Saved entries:
Segment Open

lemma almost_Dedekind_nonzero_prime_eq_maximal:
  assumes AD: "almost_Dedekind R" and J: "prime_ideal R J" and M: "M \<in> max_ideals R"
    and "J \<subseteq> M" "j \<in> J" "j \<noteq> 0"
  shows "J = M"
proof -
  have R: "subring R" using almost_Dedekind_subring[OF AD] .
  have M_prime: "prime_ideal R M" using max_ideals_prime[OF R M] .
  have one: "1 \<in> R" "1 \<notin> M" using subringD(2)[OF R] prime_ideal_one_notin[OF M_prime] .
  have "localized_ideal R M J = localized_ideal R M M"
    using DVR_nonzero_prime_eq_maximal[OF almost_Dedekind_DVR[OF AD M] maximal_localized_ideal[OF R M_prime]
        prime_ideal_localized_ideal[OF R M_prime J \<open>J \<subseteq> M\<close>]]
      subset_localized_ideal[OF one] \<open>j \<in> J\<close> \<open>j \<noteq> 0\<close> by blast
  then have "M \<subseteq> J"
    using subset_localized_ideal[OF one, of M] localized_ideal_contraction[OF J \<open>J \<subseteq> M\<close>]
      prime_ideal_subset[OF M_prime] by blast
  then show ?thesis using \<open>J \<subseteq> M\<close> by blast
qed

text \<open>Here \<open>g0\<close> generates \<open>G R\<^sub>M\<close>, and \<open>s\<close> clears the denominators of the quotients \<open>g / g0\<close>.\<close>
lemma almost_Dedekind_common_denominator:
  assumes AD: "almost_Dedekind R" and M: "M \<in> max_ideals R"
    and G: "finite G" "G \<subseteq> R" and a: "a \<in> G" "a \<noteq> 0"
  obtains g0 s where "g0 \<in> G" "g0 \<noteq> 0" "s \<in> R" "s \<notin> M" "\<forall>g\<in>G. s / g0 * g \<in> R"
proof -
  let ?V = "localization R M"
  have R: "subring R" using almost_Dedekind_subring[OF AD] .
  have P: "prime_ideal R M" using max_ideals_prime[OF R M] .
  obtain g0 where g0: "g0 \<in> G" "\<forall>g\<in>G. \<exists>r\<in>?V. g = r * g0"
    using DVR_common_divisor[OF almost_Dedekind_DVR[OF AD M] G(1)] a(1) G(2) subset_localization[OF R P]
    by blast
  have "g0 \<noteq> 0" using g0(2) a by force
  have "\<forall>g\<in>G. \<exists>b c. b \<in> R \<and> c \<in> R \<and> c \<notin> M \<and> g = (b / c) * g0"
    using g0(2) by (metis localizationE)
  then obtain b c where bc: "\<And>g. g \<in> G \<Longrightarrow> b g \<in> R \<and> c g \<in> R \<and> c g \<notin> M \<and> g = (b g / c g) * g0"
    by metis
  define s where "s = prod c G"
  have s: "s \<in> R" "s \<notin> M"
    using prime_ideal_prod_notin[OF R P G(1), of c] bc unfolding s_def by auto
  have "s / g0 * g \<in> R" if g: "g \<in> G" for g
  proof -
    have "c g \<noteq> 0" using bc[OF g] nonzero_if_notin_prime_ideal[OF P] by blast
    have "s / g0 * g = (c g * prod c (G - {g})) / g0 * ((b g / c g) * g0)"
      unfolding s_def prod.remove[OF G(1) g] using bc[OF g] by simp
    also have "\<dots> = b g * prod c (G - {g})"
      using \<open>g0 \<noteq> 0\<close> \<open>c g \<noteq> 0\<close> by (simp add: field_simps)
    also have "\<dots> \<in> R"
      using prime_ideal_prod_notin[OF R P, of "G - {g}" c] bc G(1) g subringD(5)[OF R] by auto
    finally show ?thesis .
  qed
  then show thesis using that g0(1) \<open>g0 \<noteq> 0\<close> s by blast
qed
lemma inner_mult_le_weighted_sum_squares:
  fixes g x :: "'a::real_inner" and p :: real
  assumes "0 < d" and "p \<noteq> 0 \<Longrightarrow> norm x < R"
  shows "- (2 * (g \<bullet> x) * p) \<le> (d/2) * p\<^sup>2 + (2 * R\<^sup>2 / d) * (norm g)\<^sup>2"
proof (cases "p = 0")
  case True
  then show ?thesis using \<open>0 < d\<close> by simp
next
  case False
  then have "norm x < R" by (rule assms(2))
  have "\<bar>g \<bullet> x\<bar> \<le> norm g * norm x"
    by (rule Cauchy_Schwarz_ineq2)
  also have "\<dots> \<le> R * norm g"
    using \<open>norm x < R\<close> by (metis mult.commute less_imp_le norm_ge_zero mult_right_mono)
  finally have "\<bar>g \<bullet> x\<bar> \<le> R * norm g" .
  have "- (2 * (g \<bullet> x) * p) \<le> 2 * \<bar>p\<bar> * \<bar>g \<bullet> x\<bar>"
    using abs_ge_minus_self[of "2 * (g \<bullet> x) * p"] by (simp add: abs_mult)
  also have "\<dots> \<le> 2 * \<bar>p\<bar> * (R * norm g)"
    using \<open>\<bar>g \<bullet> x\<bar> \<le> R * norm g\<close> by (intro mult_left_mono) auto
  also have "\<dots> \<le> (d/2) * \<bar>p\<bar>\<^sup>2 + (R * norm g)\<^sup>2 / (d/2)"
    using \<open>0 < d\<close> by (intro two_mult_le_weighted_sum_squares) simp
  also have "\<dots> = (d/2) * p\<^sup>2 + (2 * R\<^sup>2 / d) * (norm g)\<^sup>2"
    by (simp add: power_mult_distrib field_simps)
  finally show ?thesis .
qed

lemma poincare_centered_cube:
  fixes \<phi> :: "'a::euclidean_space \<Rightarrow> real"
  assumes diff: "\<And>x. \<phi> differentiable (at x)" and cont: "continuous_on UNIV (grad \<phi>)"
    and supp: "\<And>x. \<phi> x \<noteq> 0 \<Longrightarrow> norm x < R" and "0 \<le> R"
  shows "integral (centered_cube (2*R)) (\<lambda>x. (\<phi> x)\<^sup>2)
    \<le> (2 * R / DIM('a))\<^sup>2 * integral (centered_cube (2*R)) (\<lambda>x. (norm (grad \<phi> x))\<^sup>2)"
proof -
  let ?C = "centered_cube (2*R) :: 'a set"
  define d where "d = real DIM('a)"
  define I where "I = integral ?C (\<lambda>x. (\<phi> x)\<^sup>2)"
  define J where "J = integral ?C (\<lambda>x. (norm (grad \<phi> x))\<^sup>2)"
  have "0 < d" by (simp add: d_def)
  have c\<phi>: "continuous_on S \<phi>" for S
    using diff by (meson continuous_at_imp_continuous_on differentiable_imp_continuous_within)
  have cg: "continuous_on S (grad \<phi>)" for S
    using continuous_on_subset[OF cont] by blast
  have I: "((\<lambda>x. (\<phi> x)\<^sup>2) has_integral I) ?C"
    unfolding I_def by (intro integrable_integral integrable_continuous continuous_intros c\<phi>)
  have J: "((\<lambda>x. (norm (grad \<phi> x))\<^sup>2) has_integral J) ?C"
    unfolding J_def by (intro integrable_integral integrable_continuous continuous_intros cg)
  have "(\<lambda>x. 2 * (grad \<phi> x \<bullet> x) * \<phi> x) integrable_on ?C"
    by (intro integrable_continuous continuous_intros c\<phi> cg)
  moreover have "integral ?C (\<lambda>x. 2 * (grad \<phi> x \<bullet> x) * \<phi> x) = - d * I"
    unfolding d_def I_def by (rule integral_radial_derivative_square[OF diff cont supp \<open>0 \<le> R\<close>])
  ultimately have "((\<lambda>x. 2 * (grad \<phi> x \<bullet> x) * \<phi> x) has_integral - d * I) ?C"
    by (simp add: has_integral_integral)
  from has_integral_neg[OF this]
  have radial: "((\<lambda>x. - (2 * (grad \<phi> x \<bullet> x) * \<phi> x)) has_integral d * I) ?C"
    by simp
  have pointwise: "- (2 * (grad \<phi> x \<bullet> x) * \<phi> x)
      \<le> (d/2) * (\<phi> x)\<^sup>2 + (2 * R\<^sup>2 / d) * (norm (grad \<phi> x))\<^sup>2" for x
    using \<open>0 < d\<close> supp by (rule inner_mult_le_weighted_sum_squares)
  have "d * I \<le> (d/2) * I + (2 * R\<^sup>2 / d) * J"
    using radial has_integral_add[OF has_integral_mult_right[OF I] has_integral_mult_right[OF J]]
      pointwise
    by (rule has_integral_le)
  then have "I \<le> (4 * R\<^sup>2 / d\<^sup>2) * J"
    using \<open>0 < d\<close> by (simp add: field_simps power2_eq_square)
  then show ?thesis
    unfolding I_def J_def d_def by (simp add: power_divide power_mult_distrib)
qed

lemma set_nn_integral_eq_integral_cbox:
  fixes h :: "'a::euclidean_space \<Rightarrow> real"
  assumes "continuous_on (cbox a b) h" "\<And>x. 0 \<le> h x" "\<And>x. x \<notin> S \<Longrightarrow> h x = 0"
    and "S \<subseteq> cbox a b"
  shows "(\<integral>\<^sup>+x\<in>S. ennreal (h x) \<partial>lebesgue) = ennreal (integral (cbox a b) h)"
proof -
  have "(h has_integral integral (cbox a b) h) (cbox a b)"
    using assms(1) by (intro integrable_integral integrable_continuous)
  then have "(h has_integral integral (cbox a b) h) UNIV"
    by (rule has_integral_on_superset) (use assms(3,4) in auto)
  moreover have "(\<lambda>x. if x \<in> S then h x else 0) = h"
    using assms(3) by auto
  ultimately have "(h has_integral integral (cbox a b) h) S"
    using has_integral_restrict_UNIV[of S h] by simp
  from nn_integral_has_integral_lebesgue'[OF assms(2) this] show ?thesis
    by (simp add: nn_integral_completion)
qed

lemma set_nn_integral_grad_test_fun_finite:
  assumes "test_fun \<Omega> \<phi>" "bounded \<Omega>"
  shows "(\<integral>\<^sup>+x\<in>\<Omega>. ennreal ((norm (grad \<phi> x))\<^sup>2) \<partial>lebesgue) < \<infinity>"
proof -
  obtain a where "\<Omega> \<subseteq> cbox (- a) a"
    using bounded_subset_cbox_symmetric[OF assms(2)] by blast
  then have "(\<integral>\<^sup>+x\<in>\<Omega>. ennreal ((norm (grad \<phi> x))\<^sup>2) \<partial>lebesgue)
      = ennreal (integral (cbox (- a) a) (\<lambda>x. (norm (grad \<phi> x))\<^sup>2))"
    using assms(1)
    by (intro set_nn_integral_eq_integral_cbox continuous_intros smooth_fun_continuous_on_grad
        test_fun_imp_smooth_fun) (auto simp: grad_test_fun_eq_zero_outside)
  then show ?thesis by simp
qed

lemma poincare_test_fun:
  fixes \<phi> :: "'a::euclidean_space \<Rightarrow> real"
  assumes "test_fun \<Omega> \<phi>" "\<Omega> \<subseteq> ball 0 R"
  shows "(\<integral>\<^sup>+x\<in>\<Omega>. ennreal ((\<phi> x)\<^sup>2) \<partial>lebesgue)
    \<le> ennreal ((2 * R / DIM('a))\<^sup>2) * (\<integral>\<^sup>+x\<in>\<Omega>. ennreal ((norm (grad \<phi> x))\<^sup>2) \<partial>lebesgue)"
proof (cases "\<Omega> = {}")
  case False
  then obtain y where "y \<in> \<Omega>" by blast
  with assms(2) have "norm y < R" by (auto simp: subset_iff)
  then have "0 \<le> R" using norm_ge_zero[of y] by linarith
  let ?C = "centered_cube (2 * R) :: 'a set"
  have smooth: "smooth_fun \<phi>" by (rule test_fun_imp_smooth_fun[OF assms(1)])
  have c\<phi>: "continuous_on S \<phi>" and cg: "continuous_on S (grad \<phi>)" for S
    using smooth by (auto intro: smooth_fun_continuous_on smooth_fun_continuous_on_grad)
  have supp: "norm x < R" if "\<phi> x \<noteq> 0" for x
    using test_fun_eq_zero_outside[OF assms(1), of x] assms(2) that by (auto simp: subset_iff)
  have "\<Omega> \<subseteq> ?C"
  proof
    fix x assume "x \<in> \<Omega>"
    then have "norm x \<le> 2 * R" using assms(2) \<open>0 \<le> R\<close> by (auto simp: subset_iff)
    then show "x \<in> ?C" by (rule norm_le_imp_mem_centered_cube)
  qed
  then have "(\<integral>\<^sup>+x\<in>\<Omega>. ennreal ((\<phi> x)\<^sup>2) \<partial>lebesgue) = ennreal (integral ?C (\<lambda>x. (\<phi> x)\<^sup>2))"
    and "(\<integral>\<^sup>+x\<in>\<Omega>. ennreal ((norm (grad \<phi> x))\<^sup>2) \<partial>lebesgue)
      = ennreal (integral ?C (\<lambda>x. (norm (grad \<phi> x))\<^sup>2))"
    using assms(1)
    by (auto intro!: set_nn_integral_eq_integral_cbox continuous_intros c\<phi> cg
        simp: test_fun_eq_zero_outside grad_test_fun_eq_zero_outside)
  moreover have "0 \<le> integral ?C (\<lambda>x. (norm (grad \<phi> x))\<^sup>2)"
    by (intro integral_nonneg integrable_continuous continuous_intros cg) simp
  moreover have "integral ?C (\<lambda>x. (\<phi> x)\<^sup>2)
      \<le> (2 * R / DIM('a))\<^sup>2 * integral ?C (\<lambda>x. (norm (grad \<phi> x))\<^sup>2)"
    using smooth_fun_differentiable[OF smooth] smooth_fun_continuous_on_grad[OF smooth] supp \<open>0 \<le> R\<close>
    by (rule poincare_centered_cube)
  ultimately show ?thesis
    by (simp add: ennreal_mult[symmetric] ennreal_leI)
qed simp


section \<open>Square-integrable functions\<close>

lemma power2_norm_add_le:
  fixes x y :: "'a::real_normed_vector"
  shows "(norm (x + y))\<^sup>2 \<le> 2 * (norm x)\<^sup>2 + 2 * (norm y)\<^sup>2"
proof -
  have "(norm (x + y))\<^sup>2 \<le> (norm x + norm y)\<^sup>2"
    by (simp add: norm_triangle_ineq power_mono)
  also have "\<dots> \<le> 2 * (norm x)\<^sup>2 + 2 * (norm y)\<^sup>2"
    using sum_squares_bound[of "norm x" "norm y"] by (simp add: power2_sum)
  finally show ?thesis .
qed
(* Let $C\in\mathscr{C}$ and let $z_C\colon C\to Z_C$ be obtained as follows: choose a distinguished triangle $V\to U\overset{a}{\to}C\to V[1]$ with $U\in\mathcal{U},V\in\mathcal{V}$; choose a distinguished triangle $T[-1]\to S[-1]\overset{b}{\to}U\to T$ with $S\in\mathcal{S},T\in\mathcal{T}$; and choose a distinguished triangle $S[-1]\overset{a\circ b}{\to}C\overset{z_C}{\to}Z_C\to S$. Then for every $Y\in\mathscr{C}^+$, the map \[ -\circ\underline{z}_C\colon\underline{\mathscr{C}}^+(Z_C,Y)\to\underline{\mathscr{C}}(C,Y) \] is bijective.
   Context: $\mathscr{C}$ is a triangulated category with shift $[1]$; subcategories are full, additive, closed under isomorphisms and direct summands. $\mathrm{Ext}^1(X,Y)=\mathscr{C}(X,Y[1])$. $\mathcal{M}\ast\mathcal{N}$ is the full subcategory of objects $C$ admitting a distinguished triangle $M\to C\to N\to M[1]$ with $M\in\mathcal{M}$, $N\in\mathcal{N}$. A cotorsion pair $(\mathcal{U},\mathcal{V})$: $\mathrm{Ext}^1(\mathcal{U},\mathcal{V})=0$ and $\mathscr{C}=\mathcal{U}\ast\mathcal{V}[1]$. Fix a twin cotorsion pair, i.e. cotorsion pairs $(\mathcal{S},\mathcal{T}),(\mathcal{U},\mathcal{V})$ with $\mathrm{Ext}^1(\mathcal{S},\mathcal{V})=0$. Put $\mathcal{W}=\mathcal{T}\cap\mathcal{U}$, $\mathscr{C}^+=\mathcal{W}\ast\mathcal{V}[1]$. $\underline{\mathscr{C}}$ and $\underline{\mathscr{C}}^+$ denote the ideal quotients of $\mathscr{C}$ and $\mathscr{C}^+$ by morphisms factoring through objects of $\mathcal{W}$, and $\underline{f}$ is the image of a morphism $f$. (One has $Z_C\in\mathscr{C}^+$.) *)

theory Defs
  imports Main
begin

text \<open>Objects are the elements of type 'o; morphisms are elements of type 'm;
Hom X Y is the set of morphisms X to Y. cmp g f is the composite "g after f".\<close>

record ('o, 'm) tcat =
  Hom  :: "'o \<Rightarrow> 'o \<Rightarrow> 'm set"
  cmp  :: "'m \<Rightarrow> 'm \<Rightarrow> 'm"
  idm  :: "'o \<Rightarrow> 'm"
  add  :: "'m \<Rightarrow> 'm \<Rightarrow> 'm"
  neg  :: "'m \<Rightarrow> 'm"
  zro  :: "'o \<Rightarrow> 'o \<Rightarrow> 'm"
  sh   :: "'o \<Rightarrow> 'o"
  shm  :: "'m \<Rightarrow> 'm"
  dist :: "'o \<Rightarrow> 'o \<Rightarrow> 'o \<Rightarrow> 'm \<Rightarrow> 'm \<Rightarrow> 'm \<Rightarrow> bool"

Segment Closed

WHAT THIS TASK INVOLVES:
Return every line above where "thesis" appears.

ANSWER SPACE:
  then show ?thesis using \<open>J \<subseteq> M\<close> by blast
    finally show ?thesis .
  then show thesis using that g0(1) \<open>g0 \<noteq> 0\<close> s by blast
  then show ?thesis using \<open>0 < d\<close> by simp
  finally show ?thesis .
  then show ?thesis
  from nn_integral_has_integral_lebesgue'[OF assms(2) this] show ?thesis
  then show ?thesis by simp
  ultimately show ?thesis
  finally show ?thesis .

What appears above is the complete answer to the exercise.